Kolejna historia rodziców, którzy zamiast cieszyć się z narodzin syna w chwili jego przyjścia na świat zaczęli walkę o jego zdrowie i życie. Słysząc tak dużo historii od moich Klientów – rodziców dzieci, które w chwili narodzin stały się ofiarami błędu medycznego zawsze mam w tyle głowy myśl, że takie małe dziecko nie powinno przychodzić do mojej Kancelarii Adwokackiej. W tym czasie wraz ze swoimi rodzicami mogłoby się bawić na placu zabaw, czy w domu układać klocki. Niestety w mojej Kancelarii Adwokackiej są całe pliki dokumentów, które dotyczą najmłodszych dzieci. Sprawy z zakresu prawa medycznego są chyba najcięższymi sprawami dla adwokata, gdyż niosą ze sobą bardzo duży ładunek emocjonalny. Ja, jako adwokat i profesjonalista nie mogę jednak kierować się w mojej pracy zawodowej emocjami, czy własnymi ocenami. Tylko takie podejście gwarantuje świadczenie rodzicom dzieci, którzy zgłaszają się do mnie ze sprawami z zakresu błędu okołoporodowego rzetelną i profesjonalną pomoc prawną.

Czy lekarze w przypadku małego bohatera dzisiejszego wpisu mogli przewidzieć, że podczas porodu może dojść do zaklinowania się barków chłopca w kanale rodnym jego mamy?  

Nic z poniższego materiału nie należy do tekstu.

(* Let the boundary data satisfy $y_{\rm D}=\widetilde y_{\rm D}|_{\Gamma_{\rm D}}$ and $\phi_{\rm D}=\nabla\widetilde y_{\rm D}|_{\Gamma_{\rm D}}$ for some $\widetilde y_{\rm D}\in H^3(\omega)^3$, and let $(y_h)_{h>0}\subset H^1(\omega)^3$ be a sequence of discrete displacements (one for each triangulation $\mathcal{T}_h$). If the sequence $(\widetilde E_h[y_h])_{h>0}$ is uniformly bounded, then there exists a constant $C>0$, independent of $h$, such that $\|\nabla\nabla_h y_h\|_{L^2(\omega)}\le C$.
   Context: $\omega\subset\mathbb{R}^2$ is a bounded polygonal domain, $\Gamma_{\rm D}\subset\partial\omega$ a part of the boundary of positive length, $y_{\rm D}:\Gamma_{\rm D}\to\mathbb{R}^3$, $\phi_{\rm D}:\Gamma_{\rm D}\to\mathbb{R}^{3\times2}$, and $\alpha\in\mathbb{R}$. $(\mathcal{T}_h)_{h>0}$ is a family of regular triangulations of $\omega$ ($h$ = maximal element diameter) such that $\Gamma_{\rm D}$ is exactly a union of edges; $\mathcal{N}_h$ denotes the vertices and $\mathcal{E}_h$ the edges. For $T\in\mathcal{T}_h$ with barycenter $x_T$, $P_3^{\mathrm{red}}(T)=\{p\in P_3(T): p(x_T)=\frac16\sum_{z\in\mathcal{N}_h\cap T}(2p(z)-\nabla p(z)\cdot[z-x_T])\}$; $\mathcal{S}^{\mathrm{dkt}}(\mathcal{T}_h)=\{w_h\in C(\overline\omega): w_h|_T\in P_3^{\mathrm{red}}(T)\ \forall T,\ \nabla w_h\text{ continuous at each vertex}\}$; $\mathcal{S}^2(\mathcal{T}_h)$ = continuous piecewise quadratics. The discrete gradient $\nabla_h:\mathcal{S}^{\mathrm{dkt}}(\mathcal{T}_h)\to\mathcal{S}^2(\mathcal{T}_h)^2$ maps $y_h$ to the unique $\theta_h$ with $\theta_h(z)=\nabla y_h(z)$ at vertices $z$ and, at each edge midpoint $z_E$ of an edge $E$ with endpoints $z_E^1,z_E^2$, unit tangent $t_E$ and unit normal $n_E$: $\theta_h(z_E)\cdot t_E=\nabla y_h(z_E)\cdot t_E$, $\theta_h(z_E)\cdot n_E=\frac12[\nabla y_h(z_E^1)+\nabla y_h(z_E^2)]\cdot n_E$. It is applied componentwise to $y_h\in\mathcal{S}^{\mathrm{dkt}}(\mathcal{T}_h)^3$; $\nabla\nabla_h$ is taken elementwise, $\Delta_h=\operatorname{div}\nabla_h$ (elementwise), $\partial_iy_h$ denotes the $i$-th column of $\nabla y_h$. $\widehat{\mathcal{I}}^1_h$ is the elementwise nodal interpolation into (discontinuous) piecewise linear functions. The discrete admissible set is $\mathcal{A}_h=\{y_h\in\mathcal{S}^{\mathrm{dkt}}(\mathcal{T}_h)^3: y_h(z)=y_{\rm D}(z),\ \nabla y_h(z)=\phi_{\rm D}(z)\ \forall z\in\mathcal{N}_h\cap\Gamma_{\rm D},\ [\nabla y_h(z)]^\top\nabla y_h(z)=I_2\ \forall z\in\mathcal{N}_h\}$. The discrete energy (body force taken to be zero, as the paper assumes throughout this part) is $\widetilde E_h[y_h]=\frac12\int_\omega|\nabla\nabla_hy_h|^2dx-\alpha\int_\omega\widehat{\mathcal{I}}^1_h\{\Delta_hy_h\cdot[\partial_1y_h\times\partial_2y_h]\}dx$ for $y_h\in\mathcal{A}_h$, and $\widetilde E_h[y_h]=\infty$ for $y_h\notin\mathcal{A}_h$. *)

theory Defs
  imports "HOL-Analysis.Analysis"
begin

definition polygonal_domain :: "(real^2) set \<Rightarrow> bool" where
  "polygonal_domain \<omega> \<longleftrightarrow> open \<omega> \<and> connected \<omega> \<and> bounded \<omega> \<and> \<omega> \<noteq> {} \<and>
     (\<exists>S. finite S \<and> frontier \<omega> = (\<Union>(a,b)\<in>S. closed_segment a b))"

definition positive_length :: "(real^2) set \<Rightarrow> bool" where
  "positive_length \<Gamma> \<longleftrightarrow> (\<exists>a b. a \<noteq> b \<and> closed_segment a b \<subseteq> \<Gamma>)"

definition triangle :: "(real^2) set \<Rightarrow> bool" where
  "triangle T \<longleftrightarrow> (\<exists>V. card V = 3 \<and> \<not> collinear V \<and> T = convex hull V)"

definition verts :: "(real^2) set \<Rightarrow> (real^2) set" where
  "verts T = (THE V. card V = 3 \<and> \<not> collinear V \<and> T = convex hull V)"

definition edges :: "(real^2) set \<Rightarrow> (real^2) set set" where
  "edges T = {closed_segment a b | a b. a \<in> verts T \<and> b \<in> verts T \<and> a \<noteq> b}"

definition bary :: "(real^2) set \<Rightarrow> real^2" where
  "bary T = (1/3) *\<^sub>R (\<Sum>z\<in>verts T. z)"

definition regular_triangulation :: "(real^2) set \<Rightarrow> (real^2) set set \<Rightarrow> bool" where
  "regular_triangulation \<omega> Tr \<longleftrightarrow> finite Tr \<and> (\<forall>T\<in>Tr. triangle T) \<and> \<Union>Tr = closure \<omega> \<and>
     (\<forall>T\<in>Tr. \<forall>T'\<in>Tr. T \<noteq> T' \<longrightarrow>
        T \<inter> T' = {} \<or>
        (\<exists>z. z \<in> verts T \<and> z \<in> verts T' \<and> T \<inter> T' = {z}) \<or>
        (\<exists>E. E \<in> edges T \<and> E \<in> edges T' \<and> T \<inter> T' = E))"

definition nodes :: "(real^2) set set \<Rightarrow> (real^2) set" where
  "nodes Tr = \<Union>(verts ` Tr)"

definition edges_of :: "(real^2) set set \<Rightarrow> (real^2) set set" where
  "edges_of Tr = \<Union>(edges ` Tr)"

definition mesh :: "(real^2) set set \<Rightarrow> real" where
  "mesh Tr = Max (diameter ` Tr)"

definition poly2 :: "nat \<Rightarrow> (real^2 \<Rightarrow> real) \<Rightarrow> bool" where
  "poly2 k p \<longleftrightarrow> (\<exists>c :: nat \<Rightarrow> nat \<Rightarrow> real.
      \<forall>x. p x = (\<Sum>i\<le>k. \<Sum>j\<le>k - i. c i j * (x$1)^i * (x$2)^j))"

definition grad :: "(real^2 \<Rightarrow> real) \<Rightarrow> real^2 \<Rightarrow> real^2" where
  "grad f x = (\<chi> i. frechet_derivative f (at x) (axis i 1))"

definition lpoly :: "nat \<Rightarrow> (real^2) set \<Rightarrow> (real^2 \<Rightarrow> real) \<Rightarrow> (real^2 \<Rightarrow> real)" where
  "lpoly k T f = (THE p. poly2 k p \<and> (\<forall>x\<in>T. p x = f x))"

text \<open>Elementwise gradient of a vector field y on T (rows: components, columns: partial
  derivatives), computed from the cubic polynomial representing y on T.\<close>
definition ljac :: "(real^2) set \<Rightarrow> (real^2 \<Rightarrow> real^3) \<Rightarrow> real^2 \<Rightarrow> real^2^3" where
  "ljac T y x = (\<chi> k. grad (lpoly 3 T (\<lambda>x. y x $ k)) x)"

definition P3red :: "(real^2) set \<Rightarrow> (real^2 \<Rightarrow> real) \<Rightarrow> bool" where
  "P3red T p \<longleftrightarrow> poly2 3 p \<and>
     p (bary T) = (1/6) * (\<Sum>z\<in>verts T. 2 * p z - grad p z \<bullet> (z - bary T))"

definition S_dkt :: "(real^2) set set \<Rightarrow> (real^2 \<Rightarrow> real) \<Rightarrow> bool" where
  "S_dkt Tr w \<longleftrightarrow> continuous_on (\<Union>Tr) w \<and>
     (\<forall>T\<in>Tr. \<exists>p. P3red T p \<and> (\<forall>x\<in>T. w x = p x)) \<and>
     (\<forall>z\<in>nodes Tr. \<forall>T\<in>Tr. \<forall>T'\<in>Tr. z \<in> T \<longrightarrow> z \<in> T' \<longrightarrow>
        grad (lpoly 3 T w) z = grad (lpoly 3 T' w) z)"

text \<open>Gradient of a DKT field at a vertex (well defined by the vertex continuity).\<close>
definition vjac :: "(real^2) set set \<Rightarrow> (real^2 \<Rightarrow> real^3) \<Rightarrow> real^2 \<Rightarrow> real^2^3" where
  "vjac Tr y z = ljac (SOME T. T \<in> Tr \<and> z \<in> T) y z"

definition rot90 :: "real^2 \<Rightarrow> real^2" where
  "rot90 t = (\<chi> i. if i = 1 then - (t$2) else t$1)"

definition ldgrad :: "(real^2) set \<Rightarrow> (real^2 \<Rightarrow> real) \<Rightarrow> (real^2 \<Rightarrow> real^2)" where
  "ldgrad T w = (THE q. (\<forall>i. poly2 2 (\<lambda>x. q x $ i)) \<and>
      (\<forall>z\<in>verts T. q z = grad (lpoly 3 T w) z) \<and>
      (\<forall>a\<in>verts T. \<forall>b\<in>verts T. a \<noteq> b \<longrightarrow>
         (let m = (1/2) *\<^sub>R (a + b); t = (1 / norm (b - a)) *\<^sub>R (b - a); n = rot90 t in
            q m \<bullet> t = grad (lpoly 3 T w) m \<bullet> t \<and>
            q m \<bullet> n = (1/2) * ((grad (lpoly 3 T w) a + grad (lpoly 3 T w) b) \<bullet> n))))"

text \<open>Elementwise derivative of the discrete gradient of component k:
  dgrad_deriv T y k x $ i $ j = partial_j (nabla_h y_k)_i.\<close>
definition dgrad_deriv :: "(real^2) set \<Rightarrow> (real^2 \<Rightarrow> real^3) \<Rightarrow> 3 \<Rightarrow> real^2 \<Rightarrow> real^2^2" where
  "dgrad_deriv T y k x = (\<chi> i. grad (\<lambda>x. ldgrad T (\<lambda>x. y x $ k) x $ i) x)"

Aby odpowiedzieć na kluczowe pytanie z kategorii „co by było, gdyby” należy cofnąć się do okresu ciąży mamy chłopca. Nasz mały bohater, nazwijmy go Kubuś był piątym dzieckiem. Mogłoby się wydawać, że będzie wszystko w porządku, gdyż mama Kubusia wcześniej urodziła siłami natury czwórkę zdrowych dzieci. Tutaj istotna informacja – troje ostatnich dzieci matka chłopca urodziła o wadze 4.400 g, 4.700 g oraz 4.500 g.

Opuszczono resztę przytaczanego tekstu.